[TASK INSTRUCTIONS]: Transcribe the stretch of entries below from the line with "power_of_two_step (f u) (f v) \<or>" through the line with "by (auto simp: bij_betw_def inj_on_def)", exactly and with both ends included; leave out all other lines.

[Collected data entries]:
(* Let $G=(V,E,w)$ be an $n$-vertex directed graph with real edge weights, let $h>0$ be an integer and $\tau\ge 2n^2$ an integer, and run the procedure $\textsc{DetPreprocessing}(G,\tau,h)$ described below. At termination: (1) $\textsc{Congestion}(v)\le\tau$ for every $v\in V$; (2) $\sum_{v\in V}\textsc{Congestion}(v)=O(n^3\log h)$; (3) $|C|=O(n^3\log h/\tau)$; (4) each computed path $\pi^i_{s,t}$ is an $h_i$-hop-improving shortest path in $G$ with regard to $G\setminus C$, where $C$ is the final set.
   Context: Let $i_h=\lceil \log_{3/2} h\rceil$ and $h_i=(3/2)^i$ for $i=0,\dots,i_h$. A path is $h'$-hop-restricted if it has at most $h'$ edges; $\mathbf{dist}^{h'}_H(s,t)$ denotes the minimum weight of an $h'$-hop-restricted $s$-to-$t$ path in $H$. For $C\subseteq V$, $G\setminus C$ denotes the induced subgraph $G[V\setminus C]$. A path $\pi_{s,t}$ from $s$ to $t$ is an $h'$-hop-improving shortest path in $G$ with regard to $H\subseteq G$ if it is a path in $G$ whose weight is at most $\mathbf{dist}^{h'}_H(s,t)$. The procedure $\textsc{DetPreprocessing}(G,\tau,h)$: initialize $C\gets\emptyset$, $\textsc{Congestion}(v)\gets 0$ for all $v\in V$, and $\pi^i_{s,t}\gets\bot$ (the empty path of weight $\infty$) for all $s,t,i$. Then process every vertex $s\in V$ exactly once as a root, in an arbitrary order; for each root $s$ and each $i\in[0,i_h]$ in turn: (1) compute, by Bellman-Ford from $s$ in $G[V\setminus C]$, paths $\pi^i_{s,t}$ for all $t\in V$ that are shortest among $h_i$-hop-restricted $s$-to-$t$ paths in $G[V\setminus C]$; (2) for every $t\in V$ and every vertex $u$ on $\pi^i_{s,t}$, increase $\textsc{Congestion}(u)$ by $\lceil n/h_i\rceil$; (3) set $C\gets\{v\in V:\textsc{Congestion}(v)>\tau/2\}$. *)

theory Defs
  imports Complex_Main "HOL-Library.Extended_Real"
begin
(* Let $n\ge 1$ and let $m\in\{3,5,6\}$ or $m=2^k$ for some integer $k\ge 2$. Then the grid graph $P_m\times P_n$ is odd prime.
   Context: All graphs are finite and simple. A graph $G$ of order $N$ is odd prime if there is a bijection $\ell:V(G)\to\{1,3,\ldots,2N-1\}$ with $\gcd(\ell(u),\ell(v))=1$ for every edge $uv$. $P_r$ denotes the path on $r$ vertices, and the grid graph $P_m\times P_n$ is the Cartesian product of $P_m$ and $P_n$: vertices $(a,b)$ with $1\le a\le m$, $1\le b\le n$, two vertices adjacent when they agree in one coordinate and differ by $1$ in the other. *)

theory Defs
  imports Main
begin

definition odd_prime_graph :: "'a set \<Rightarrow> ('a \<Rightarrow> 'a \<Rightarrow> bool) \<Rightarrow> bool" where
  "odd_prime_graph V E \<longleftrightarrow>
     (\<exists>l. bij_betw l V {k. \<exists>i<card V. k = 2 * i + 1} \<and>
          (\<forall>u\<in>V. \<forall>v\<in>V. E u v \<longrightarrow> coprime (l u) (l v :: nat)))"

definition grid_vertices :: "nat \<Rightarrow> nat \<Rightarrow> (nat \<times> nat) set" where
  "grid_vertices m n = {1..m} \<times> {1..n}"

definition grid_adj :: "nat \<times> nat \<Rightarrow> nat \<times> nat \<Rightarrow> bool" where
  "grid_adj p q \<longleftrightarrow>
     (fst p = fst q \<and> (snd p = snd q + 1 \<or> snd q = snd p + 1)) \<or>
     (snd p = snd q \<and> (fst p = fst q + 1 \<or> fst q = fst p + 1))"

end

theory Submission
  imports Defs
begin

(* Number the mn vertices 0, ..., mn - 1 and label the vertex numbered k by 2k + 1; these labels
   are exactly the first mn odd numbers. Two odd numbers differing by a power of two are coprime,
   as a common divisor is odd and divides that power. So it suffices to number the grid so that
   adjacent vertices get numbers differing by a power of two. The b-th copy of P_m receives the
   block of numbers m(b - 1), ..., m(b - 1) + m - 1, arranged by a permutation depending only on
   b mod p, and the requirements on these p permutations are finite checks. For m = 2^k the
   identity works: neighbours within a copy differ by 1, neighbours in consecutive copies by m.
   For m = 3, 5, 6 a small cyclic table does. *)

definition power_of_two_step :: "nat \<Rightarrow> nat \<Rightarrow> bool" where
  "power_of_two_step x y \<longleftrightarrow> (\<exists>e. y = x + 2 ^ e)"

lemma coprime_odd_add_power_of_two: "odd (x :: nat) \<Longrightarrow> coprime x (x + 2 ^ e)"
  by (metis coprimeI coprime_power_right_iff coprime_right_2_iff_odd
      dvd_add_right_iff not_coprimeI)

lemma coprime_if_power_of_two_step:
  assumes "odd x" "power_of_two_step x y"
  shows "coprime x y"
  using assms coprime_odd_add_power_of_two unfolding power_of_two_step_def by blast

lemma power_of_two_step_add_left:
  "power_of_two_step x y \<Longrightarrow> power_of_two_step (c + x) (c + y)"
  unfolding power_of_two_step_def by auto

lemma power_of_two_step_odd:
  assumes "power_of_two_step x y"
  shows "power_of_two_step (2 * x + 1) (2 * y + 1)"
proof -
  obtain e where "y = x + 2 ^ e"
    using assms unfolding power_of_two_step_def by blast
  then have "2 * y + 1 = (2 * x + 1) + 2 ^ Suc e"
    by simp
  then show ?thesis
    unfolding power_of_two_step_def by blast
qed

lemma odd_prime_graph_if_power_of_two_numbering:
  fixes f :: "'a \<Rightarrow> nat"
  assumes bij: "bij_betw f V {..<card V}"
    and adj: "\<And>u v. u \<in> V \<Longrightarrow> v \<in> V \<Longrightarrow> E u v \<Longrightarrow>
      power_of_two_step (f u) (f v) \<or> power_of_two_step (f v) (f u)"
  shows "odd_prime_graph V E"
  unfolding odd_prime_graph_def
proof (intro exI conjI ballI impI)
  have "bij_betw (\<lambda>i. 2 * i + 1) {..<card V} {k. \<exists>i<card V. k = 2 * i + 1}"
    by (auto simp: bij_betw_def inj_on_def)
  then show "bij_betw (\<lambda>v. 2 * f v + 1) V {k. \<exists>i<card V. k = 2 * i + 1}"
    using bij_betw_trans[OF bij] by (simp add: comp_def)
  fix u v assume "u \<in> V" "v \<in> V" "E u v"
  then consider "power_of_two_step (f u) (f v)" | "power_of_two_step (f v) (f u)"
    using adj by blast
  then show "coprime (2 * f u + 1) (2 * f v + 1)"
  proof cases
    case 1
    then show ?thesis
      by (intro coprime_if_power_of_two_step power_of_two_step_odd) simp_all
  next
    case 2
    then have "coprime (2 * f v + 1) (2 * f u + 1)"
      by (intro coprime_if_power_of_two_step power_of_two_step_odd) simp_all
    then show ?thesis
      by (metis coprime_commute)
  qed
qed

(* g i t is the position of vertex i of copy t within its block; the last condition makes the
   numbers m b + g i t and m (b + 1) + g i (t + 1) of a vertex and its neighbour in the next copy
   differ by a power of two. *)
definition grid_pattern :: "nat \<Rightarrow> nat \<Rightarrow> (nat \<Rightarrow> nat \<Rightarrow> nat) \<Rightarrow> bool" where
  "grid_pattern m p g \<longleftrightarrow> 0 < p \<and> (\<forall>t\<in>{..<p}.
     inj_on (\<lambda>i. g i t) {..<m} \<and> (\<forall>i\<in>{..<m}. g i t < m) \<and>
     (\<forall>i\<in>{..<m - 1}.
        power_of_two_step (g i t) (g (i + 1) t) \<or> power_of_two_step (g (i + 1) t) (g i t)) \<and>
     (\<forall>i\<in>{..<m}. power_of_two_step (g i t) (m + g i ((t + 1) mod p))))"

definition grid_index :: "nat \<Rightarrow> nat \<Rightarrow> (nat \<Rightarrow> nat \<Rightarrow> nat) \<Rightarrow> nat \<times> nat \<Rightarrow> nat" where
  "grid_index m p g = (\<lambda>(a, b). m * (b - 1) + g (a - 1) ((b - 1) mod p))"

lemma
  assumes "grid_pattern m p g" "1 \<le> a" "a \<le> m"
  shows grid_index_div: "grid_index m p g (a, b) div m = b - 1"
    and grid_index_mod: "grid_index m p g (a, b) mod m = g (a - 1) ((b - 1) mod p)"
proof -
  have "g (a - 1) ((b - 1) mod p) < m"
    using assms unfolding grid_pattern_def by auto
  then show "grid_index m p g (a, b) div m = b - 1"
    and "grid_index m p g (a, b) mod m = g (a - 1) ((b - 1) mod p)"
    unfolding grid_index_def by simp_all
qed

lemma bij_betw_grid_index:
  assumes pat: "grid_pattern m p g"
  shows "bij_betw (grid_index m p g) (grid_vertices m n) {..<m * n}"
proof (rule bij_betw_imageI)
  show "inj_on (grid_index m p g) (grid_vertices m n)"
  proof (rule inj_onI, clarify)
    fix a b a' b'
    assume vs: "(a, b) \<in> grid_vertices m n" "(a', b') \<in> grid_vertices m n"
      and eq: "grid_index m p g (a, b) = grid_index m p g (a', b')"
    have "b - 1 = b' - 1"
      using eq vs grid_index_div[OF pat] unfolding grid_vertices_def
      by (metis mem_Sigma_iff atLeastAtMost_iff)
    moreover have "g (a - 1) ((b - 1) mod p) = g (a' - 1) ((b - 1) mod p)"
      using eq vs grid_index_mod[OF pat] calculation unfolding grid_vertices_def
      by (metis mem_Sigma_iff atLeastAtMost_iff)
    moreover have "inj_on (\<lambda>i. g i ((b - 1) mod p)) {..<m}"
      using pat unfolding grid_pattern_def by simp
    ultimately show "a = a' \<and> b = b'"
      using vs unfolding grid_vertices_def inj_on_def by fastforce
  qed
  then have "card (grid_index m p g ` grid_vertices m n) = m * n"
    by (simp add: card_image grid_vertices_def card_cartesian_product)
  moreover have "grid_index m p g ` grid_vertices m n \<subseteq> {..<m * n}"
  proof clarify
    fix a b assume "(a, b) \<in> grid_vertices m n"
    then have "grid_index m p g (a, b) div m < n" "0 < m"
      using grid_index_div[OF pat] unfolding grid_vertices_def by auto
    then show "grid_index m p g (a, b) < m * n"
      by (simp add: div_less_iff_less_mult mult.commute)
  qed
  ultimately show "grid_index m p g ` grid_vertices m n = {..<m * n}"
    using card_subset_eq by (metis card_lessThan finite_lessThan)
qed

lemma grid_index_adj:
  assumes pat: "grid_pattern m p g"
    and "u \<in> grid_vertices m n" "v \<in> grid_vertices m n" "grid_adj u v"
  shows "power_of_two_step (grid_index m p g u) (grid_index m p g v) \<or>
    power_of_two_step (grid_index m p g v) (grid_index m p g u)"
proof -
  let ?idx = "grid_index m p g"
  have along_copy: "power_of_two_step (?idx (a, b)) (?idx (a, b + 1))"
    if "1 \<le> a" "a \<le> m" "1 \<le> b" for a b
  proof -
    define t where "t = (b - 1) mod p"
    have "power_of_two_step (g (a - 1) t) (m + g (a - 1) ((t + 1) mod p))"
      using pat that unfolding grid_pattern_def t_def by simp
    moreover have "?idx (a, b + 1) = m * (b - 1) + (m + g (a - 1) ((t + 1) mod p))"
      using that unfolding grid_index_def t_def by (cases b) (simp_all add: mod_Suc_eq)
    ultimately show ?thesis
      using power_of_two_step_add_left unfolding grid_index_def t_def by simp
  qed
  have across_copy: "power_of_two_step (?idx (a, b)) (?idx (a + 1, b)) \<or>
      power_of_two_step (?idx (a + 1, b)) (?idx (a, b))"
    if "1 \<le> a" "a + 1 \<le> m" for a b
  proof -
    define t where "t = (b - 1) mod p"
    have "t < p"
      using pat unfolding grid_pattern_def t_def by simp
    then have "\<forall>i\<in>{..<m - 1}.
        power_of_two_step (g i t) (g (i + 1) t) \<or> power_of_two_step (g (i + 1) t) (g i t)"
      using pat unfolding grid_pattern_def by blast
    from bspec[OF this, of "a - 1"]
    have "power_of_two_step (g (a - 1) t) (g a t) \<or> power_of_two_step (g a t) (g (a - 1) t)"
      using that by simp
    then show ?thesis
      using power_of_two_step_add_left unfolding grid_index_def t_def by auto
  qed
  from assms(2-4) show ?thesis
    unfolding grid_adj_def grid_vertices_def
    using along_copy across_copy by (cases u, cases v) auto
qed

lemma odd_prime_grid_if_grid_pattern:
  assumes "grid_pattern m p g"
  shows "odd_prime_graph (grid_vertices m n) grid_adj"
proof (rule odd_prime_graph_if_power_of_two_numbering)
  have "card (grid_vertices m n) = m * n"
    by (simp add: grid_vertices_def card_cartesian_product)
  then show "bij_betw (grid_index m p g) (grid_vertices m n) {..<card (grid_vertices m n)}"
    using bij_betw_grid_index[OF assms] by simp
qed (use grid_index_adj[OF assms] in blast)

lemma power_of_two_step_small:
  "x < y \<Longrightarrow> y - x \<in> {1, 2, 4, 8} \<Longrightarrow> power_of_two_step x y"
  unfolding power_of_two_step_def
  by (auto intro: exI[of _ 0] exI[of _ 1] exI[of _ 2] exI[of _ 3])

lemma grid_pattern_power_of_two: "grid_pattern (2 ^ k) 1 (\<lambda>i t. i)"
  unfolding grid_pattern_def power_of_two_step_def
  by (auto intro: exI[of _ 0] exI[of _ k])

lemma grid_pattern_3: "grid_pattern 3 3 (\<lambda>i t. (i + t) mod 3)"
  unfolding grid_pattern_def
  by (simp add: lessThan_nat_numeral lessThan_Suc power_of_two_step_small)

lemma grid_pattern_5:
  "grid_pattern 5 5 (\<lambda>i t. [0, 3, 2, 1, 4] ! (([0, 2, 4, 1, 3] ! i + t) mod 5))"
  unfolding grid_pattern_def
  by (simp add: lessThan_nat_numeral lessThan_Suc power_of_two_step_small)

lemma grid_pattern_6: "grid_pattern 6 3 (\<lambda>i t. ([0, 2, 4, 5, 1, 3] ! i + 2 * t) mod 6)"
  unfolding grid_pattern_def
  by (simp add: lessThan_nat_numeral lessThan_Suc power_of_two_step_small)

theorem corollary3p11:
  fixes m n :: nat
  assumes "n \<ge> 1"
    and "m \<in> {3, 5, 6} \<or> (\<exists>k::nat. k \<ge> 2 \<and> m = 2 ^ k)"
  shows "odd_prime_graph (grid_vertices m n) grid_adj"
  using assms(2)
    odd_prime_grid_if_grid_pattern[OF grid_pattern_3]
    odd_prime_grid_if_grid_pattern[OF grid_pattern_5]
    odd_prime_grid_if_grid_pattern[OF grid_pattern_6]
    odd_prime_grid_if_grid_pattern[OF grid_pattern_power_of_two]
  by auto

end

[ANSWER BOX]:
      power_of_two_step (f u) (f v) \<or> power_of_two_step (f v) (f u)"
  shows "odd_prime_graph V E"
  unfolding odd_prime_graph_def
proof (intro exI conjI ballI impI)
  have "bij_betw (\<lambda>i. 2 * i + 1) {..<card V} {k. \<exists>i<card V. k = 2 * i + 1}"
    by (auto simp: bij_betw_def inj_on_def)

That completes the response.